New IFRS standards and amendments issued but not yet
effective
The
following new or revised IFRS standards and IFRIC interpretations
will be adopted for the purposes of the preparation of future
financial statements, where applicable. While under review,
we do not anticipate that the adoption of the other new or revised
standards and interpretations will have a material impact on our
financial position or results from operations:
●
Amendments
to IAS 12 Income Taxes: Deferred Tax related to Assets and
Liabilities arising from a Single Transaction (effective on or
after January 1, 2023).*
●
Amendments
to IAS 8 Accounting Policies, Changes in Accounting Estimates and
Errors: Definition of Accounting Estimates (effective on or after
January 1, 2023).
●
Amendments
to IAS 1 Presentation of Financial Statements and IFRS Practice
Statement 2 Making Materiality Judgments: Disclosure of Accounting
policies (effective on or after January 1,
2023).
●
Amendments
to IAS 1 Presentation of Financial Statements: Classification of
Liabilities as Current or Non-current - Deferral of Effective Date
(effective on or after January 1, 2023).*
●
IFRS
17 Insurance Contracts (effective on or after January 1,
2023).
●
Amendments
to IFRS 17 Insurance contracts: Initial Application of IFRS 17 and
IFRS 9 - Comparative Information (effective on or after January 1,
2023)*
*These standards or amendments to standards are not as of yet EU
endorsed.
2.
Judgements and estimates
The
preparation of financial statements requires management to make
judgements, estimates and assumptions that affect the application
of accounting policies and the reported amounts of assets and
liabilities, income and expense. Actual results may differ
from these estimates.
In
preparing these condensed consolidated preliminary financial
statements, the significant judgements and key sources of
estimation uncertainty were the same as those that applied in the
most recent published consolidated financial
statements.
Derivative financial instruments
The
Group uses various derivative financial instruments to manage its
exposure to market risks, including the risks relating to
fluctuations in commodity prices and currency exchange rates.

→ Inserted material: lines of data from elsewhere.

lemma homogeneous_ncmult:
  assumes "homogeneous p m" "homogeneous r n"
  shows "homogeneous (ncmult p r) (m + n)"
  unfolding homogeneous_def
proof (intro allI impI)
  fix w assume "ncmult p r w \<noteq> 0"
  then obtain i where "p (take i w) * r (drop i w) \<noteq> 0"
    unfolding ncmult_def by (meson sum.neutral)
  then have "length (take i w) = m" "length (drop i w) = n"
    using assms unfolding homogeneous_def by auto
  then show "length w = m + n" by (metis append_take_drop_id length_append)
qed

lemma homogeneous_letter_poly: "homogeneous (letter_poly x) 1"
  by (simp add: homogeneous_def letter_poly_def)

lemma homogeneous_deg_part: "homogeneous (deg_part n p) n"
  by (simp add: homogeneous_def deg_part_def)

lemma homogeneous_eq_zero: "homogeneous p n \<Longrightarrow> length w \<noteq> n \<Longrightarrow> p w = 0"
  by (auto simp: homogeneous_def)

lemma homogeneous_sum: "(\<And>i. i \<in> I \<Longrightarrow> homogeneous (f i) n) \<Longrightarrow> homogeneous (\<Sum>i\<in>I. f i) n"
  unfolding homogeneous_def sum_fun_apply by (metis (mono_tags, lifting) sum.neutral)

lemma homogeneous_add: "homogeneous p n \<Longrightarrow> homogeneous r n \<Longrightarrow> homogeneous (p + r) n"
  unfolding homogeneous_def by (metis add.right_neutral plus_fun_apply)

lemma homogeneous_ncscale: "homogeneous p n \<Longrightarrow> homogeneous (ncscale s p) n"
  by (auto simp: homogeneous_def ncscale_apply)

lemma homogeneous_eq_3I:
  assumes "\<And>x y z. p [x, y, z] = r [x, y, z]" "homogeneous p 3" "homogeneous r 3"
  shows "p = r"
proof
  fix w :: "letter list"
  show "p w = r w"
    using assms by (cases "length w = 3") (auto simp: length_eq_3_iff homogeneous_eq_zero)
qed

Ryanair uses forward contracts for the purchase of its jet fuel
(jet kerosene) and carbon credit (Emission Trading Scheme)
requirements to reduce its exposure to commodity price risk. It
also uses foreign currency forward contracts to reduce its exposure
to risks related to foreign currencies, principally the U.S. dollar
exposure associated with the purchase of new Boeing 737 aircraft
and the U.S. dollar exposure associated with the purchase of jet
fuel.
The
Group's derivative financial instruments are measured at fair value
and recognised as either assets or liabilities in its consolidated
balance sheet. All derivatives, with the exception of jet fuel call
options, are designated as cash flow hedges with the resulting
gains or losses taken to other reserves. Jet fuel call options are
measured at fair value with the resulting gains or losses taken to
the income statement. At June 30, 2022, a net asset of
€1.56BN (2021: net asset €65M) was recognised on
balance sheet in respect of the Group's jet fuel forward contracts,
jet fuel call options, foreign currency derivative instruments
associated with future jet fuel purchases and carbon credits and a
net asset of €507M (2021: net asset €159M) was
recognised in respect of its foreign currency derivative
instruments associated with future aircraft purchases.
In
determining the hedge effectiveness of derivative instruments used
to hedge Ryanair's fuel requirements, there is significant
judgement involved in assessing whether the volumes of jet fuel
hedged are still expected to be highly probable forecast
transactions. Specifically, significant judgement is required in
respect of the assumptions related to the expected recovery of
passenger demand and the subsequent flight schedules following the
Covid-19 pandemic along with the potential for travel restrictions
to be reimposed. All of these assumptions impact upon forecast fuel
consumption, and minor changes to these assumptions could have a
significant effect on the assessment of hedge
effectiveness.
In
respect of foreign currency hedge effectiveness for future aircraft
purchases, there is a high degree of judgement involved in
assessing whether the future aircraft payments are still considered
highly probable of occurring, and the timing of these future
payments for aircraft. The timing of future payments for aircraft
is dependent on the aircraft manufacturer's ability to meet
forecast aircraft delivery schedules.
As
at June 30, 2022 the Group had entered into jet fuel forward
contracts covering approximately 65% of its estimated requirements
for fiscal year 2023 and approximately 20% of its estimated
requirements for fiscal year 2024. The Group believes these hedges
to be effective for hedge accounting purposes.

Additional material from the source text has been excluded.